From Carolina Partnership for Reform
The opponents of Medicaid reform with managed care are pushing a plan allowing Accountable Care Organizations or ACOs to control Medicaid service delivery. ACOs are large combinations of doctors and hospitals.
But by encouraging healthcare consolidation like ACOs, are we going to snuff out competition and raise costs by creating medical monopolies?
The LA Times reports consolidating physician practices under hospital ownership leads to less competition and higher costs for medical care. They write “Raising fresh questions about healthcare consolidation, a new study shows hospital ownership of physician groups in California led to 10% to 20% higher costs overall. Total spending per patient was 10.3% higher for hospital-owned physician offices compared with doctor-owned organizations, according to the study.
Costs were even higher when large health systems running multiple hospitals owned medical groups.
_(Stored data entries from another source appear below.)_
lemma data_hyp_inner_le:
  fixes x :: "'n::finite \<Rightarrow> real^'d"
  assumes H: "data_hyp \<gamma> x y" and g: "0 < \<gamma>" and ij: "i \<noteq> j"
  shows "\<bar>x i \<bullet> x j\<bar> \<le> \<gamma>^3 * Rmin x^4 / (3 * Rmax x^2 * real CARD('n))"
proof -
  have pos: "0 < Rmin x" using H by (intro Rmin_pos_of_nonzero) (auto simp: data_hyp_def)
  then have "0 < Rmax x" using Rmin_le_norm[of x] norm_le_Rmax[of x] by (meson less_le_trans)
  define A where "A = 3 * Rmax x^2 * real CARD('n)"
  have A: "A > 0" unfolding A_def using \<open>0 < Rmax x\<close> by simp
  have "3 * (1 / \<gamma>^3) * (Rmax x / Rmin x)^2 * real CARD('n) * \<bar>x i \<bullet> x j\<bar>
        = A * \<bar>x i \<bullet> x j\<bar> / (\<gamma>^3 * Rmin x^2)"
    unfolding A_def using pos g by (simp add: field_simps power2_eq_square)
  with H ij have "A * \<bar>x i \<bullet> x j\<bar> / (\<gamma>^3 * Rmin x^2) \<le> Rmin x^2"
    unfolding data_hyp_def by metis
  then have "A * \<bar>x i \<bullet> x j\<bar> \<le> Rmin x^2 * (\<gamma>^3 * Rmin x^2)"
    using pos g by (simp add: divide_le_eq)
  then show ?thesis
    using A unfolding A_def[symmetric] by (simp add: le_divide_eq power4_eq_xxxx power2_eq_square mult_ac)
qed

lemma inner_sum_scaleR_offdiag_bound:
  fixes x :: "'n::finite \<Rightarrow> 'a::real_inner"
  assumes X: "\<And>i j. i \<noteq> j \<Longrightarrow> \<bar>x i \<bullet> x j\<bar> \<le> D" and B: "\<And>k. \<bar>\<beta> k\<bar> \<le> Bd" and D0: "0 \<le> D"
  shows "\<bar>(\<Sum>k\<in>UNIV. \<beta> k *\<^sub>R x k) \<bullet> x i - \<beta> i * (x i \<bullet> x i)\<bar> \<le> Bd * (real CARD('n) * D)"
proof -
  have "0 \<le> Bd" using B[of i] by linarith
  have "(\<Sum>k\<in>UNIV. \<beta> k *\<^sub>R x k) \<bullet> x i = (\<Sum>k\<in>UNIV. \<beta> k * (x k \<bullet> x i))"
    by (simp add: inner_sum_left)
  also have "\<dots> = \<beta> i * (x i \<bullet> x i) + (\<Sum>k\<in>UNIV - {i}. \<beta> k * (x k \<bullet> x i))"
    by (simp add: sum.remove)
  finally have "(\<Sum>k\<in>UNIV. \<beta> k *\<^sub>R x k) \<bullet> x i - \<beta> i * (x i \<bullet> x i) = (\<Sum>k\<in>UNIV - {i}. \<beta> k * (x k \<bullet> x i))"
    by simp
  also have "\<bar>\<dots>\<bar> \<le> (\<Sum>k\<in>UNIV - {i}. \<bar>\<beta> k * (x k \<bullet> x i)\<bar>)"
    by (rule sum_abs)
  also have "\<dots> \<le> (\<Sum>k\<in>UNIV - {i}. Bd * D)"
  proof (rule sum_mono)
    fix k assume "k \<in> UNIV - {i}"
    then have "\<bar>x k \<bullet> x i\<bar> \<le> D" using X by auto
    then show "\<bar>\<beta> k * (x k \<bullet> x i)\<bar> \<le> Bd * D"
      unfolding abs_mult using B[of k] by (intro mult_mono) auto
  qed
  also have "\<dots> \<le> real CARD('n) * (Bd * D)"
    using \<open>0 \<le> Bd\<close> D0 by (simp add: card_Diff_subset mult_right_mono)
  finally show ?thesis by (simp add: ac_simps)
qed

text \<open>On near-orthogonal data a represented row sees \<open>x\<^sub>k\<close> essentially through its own
  coefficient \<open>\<lambda>\<^sub>k \<sigma>\<^sub>k\<close>; the cross terms cost at most \<open>\<Lambda> n D\<close>.\<close>
lemma row_representation_margin_bounds:
  fixes x :: "'n::finite \<Rightarrow> 'a::real_inner"
  assumes R: "row_representation c \<gamma> lam s x w" and c: "c > 0" and g: "0 < \<gamma>" "\<gamma> < 1"
    and s: "\<And>i. s i = 1 \<or> s i = -1" and lam: "\<And>i. 0 \<le> lam i" "\<And>i. lam i \<le> \<Lambda>"
    and X: "\<And>i j. i \<noteq> j \<Longrightarrow> \<bar>x i \<bullet> x j\<bar> \<le> D" and D0: "0 \<le> D"
    and N: "\<And>i. Rn \<le> norm (x i)" "\<And>i. norm (x i) \<le> Rx" and Rn: "0 \<le> Rn"
  shows "c * (lam k * \<gamma> * Rn^2 - \<Lambda> * (real CARD('n) * D)) \<le> s k * (w \<bullet> x k)"
    and "s k * (w \<bullet> x k) \<le> c * (lam k * Rx^2 + \<Lambda> * (real CARD('n) * D))"
proof -
  obtain \<sigma> where w: "w = c *\<^sub>R (\<Sum>i\<in>UNIV. (lam i * s i * \<sigma> i) *\<^sub>R x i)"
    and \<sigma>: "\<And>i. \<gamma> \<le> \<sigma> i \<and> \<sigma> i \<le> 1" using R unfolding row_representation_def by blast
  define \<beta> where "\<beta> i = lam i * s i * \<sigma> i" for i
  have s2: "s i * s i = 1" for i using s[of i] by auto
  have "\<bar>\<beta> i\<bar> = lam i * \<sigma> i" for i
    unfolding \<beta>_def using s[of i] lam(1)[of i] \<sigma>[of i] g by (auto simp: abs_mult)
  moreover have "lam i * \<sigma> i \<le> \<Lambda>" for i
    using mult_left_mono[of "\<sigma> i" 1 "lam i"] \<sigma>[of i] lam[of i] by linarith
  ultimately have "\<bar>\<beta> i\<bar> \<le> \<Lambda>" for i by simp
  define e where "e = (\<Sum>i\<in>UNIV. \<beta> i *\<^sub>R x i) \<bullet> x k - \<beta> k * (x k \<bullet> x k)"
  have e: "\<bar>e\<bar> \<le> \<Lambda> * (real CARD('n) * D)"
    unfolding e_def by (rule inner_sum_scaleR_offdiag_bound[OF X \<open>\<And>i. \<bar>\<beta> i\<bar> \<le> \<Lambda>\<close> D0])
  have S: "(\<Sum>i\<in>UNIV. \<beta> i *\<^sub>R x i) \<bullet> x k = \<beta> k * (x k \<bullet> x k) + e"
    unfolding e_def by simp
  have q: "Rn^2 \<le> x k \<bullet> x k" "x k \<bullet> x k \<le> Rx^2"
    unfolding power2_norm_eq_inner[symmetric] using N[of k] Rn by (auto intro: power_mono)
  have "s k * (w \<bullet> x k) = c * (s k * \<beta> k * (x k \<bullet> x k) + s k * e)"
    unfolding w \<beta>_def[symmetric] inner_scaleR_left S by (simp add: algebra_simps)
  also have "s k * \<beta> k = lam k * \<sigma> k"
    unfolding \<beta>_def using s2[of k] by (metis mult.assoc mult.commute mult.right_neutral)
  moreover have "\<bar>s k * e\<bar> \<le> \<Lambda> * (real CARD('n) * D)" using e s[of k] by (auto simp: abs_mult)
  moreover have "lam k * \<gamma> * Rn^2 \<le> lam k * \<sigma> k * (x k \<bullet> x k)"
    using \<sigma>[of k] q lam(1)[of k] g by (intro mult_mono mult_left_mono) auto
  moreover have "lam k * \<sigma> k * (x k \<bullet> x k) \<le> lam k * Rx^2"
    using \<sigma>[of k] q lam(1)[of k] Rn
    by (intro mult_mono mult_left_le_one_le)
       (auto intro: order_trans[OF zero_le_power2] simp: mult_left_le)
  ultimately show "c * (lam k * \<gamma> * Rn^2 - \<Lambda> * (real CARD('n) * D)) \<le> s k * (w \<bullet> x k)"
    and "s k * (w \<bullet> x k) \<le> c * (lam k * Rx^2 + \<Lambda> * (real CARD('n) * D))"
    using c by (auto intro!: mult_left_mono)
qed

lemma row_representation_zero:
  "row_representation c \<gamma> (\<lambda>_. 0) s x w \<Longrightarrow> w = 0"
  unfolding row_representation_def by auto

lemma row_representation_eq_signed_slope:
  assumes R: "row_representation c \<gamma> lam s x w"
    and S: "\<And>i. s i * (w \<bullet> x i) > 0" and s: "\<And>i. s i = 1 \<or> s i = -1"
  shows "w = c *\<^sub>R (\<Sum>i\<in>UNIV. (lam i * signed_slope \<gamma> (s i)) *\<^sub>R x i)"
proof -
  obtain \<sigma> where w: "w = c *\<^sub>R (\<Sum>i\<in>UNIV. (lam i * s i * \<sigma> i) *\<^sub>R x i)"
    and \<sigma>: "\<And>i. (w \<bullet> x i > 0 \<longrightarrow> \<sigma> i = 1) \<and> (w \<bullet> x i < 0 \<longrightarrow> \<sigma> i = \<gamma>)"
    using R unfolding row_representation_def by blast
  have "s i * \<sigma> i = signed_slope \<gamma> (s i)" for i
    using s[of i] S[of i] \<sigma>[of i] by (auto simp: signed_slope_def zero_less_mult_iff)
  then show ?thesis using w by (simp add: mult.assoc)
qed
Their per-patient spending was 19.8% higher compared with independent physician groups.” (LA Times)
A Wall Street Journal piece (4/20) says “Health-care conglomeration aligns with the Affordable Care Act, which created incentives for physicians and hospitals to work together in accountable care organizations.” There were Ninety five hospital mergers last year as ObamaCare makes the big bigger. (WSJ)
North Carolina’s Certificate of Need (CON) law already restricts the ability of new entrants into the medical marketplace from competing with current providers. Do we really want to empower ACOs to further turn healthcare into a price raising cartel? Managed care is the better way to reform Medicaid.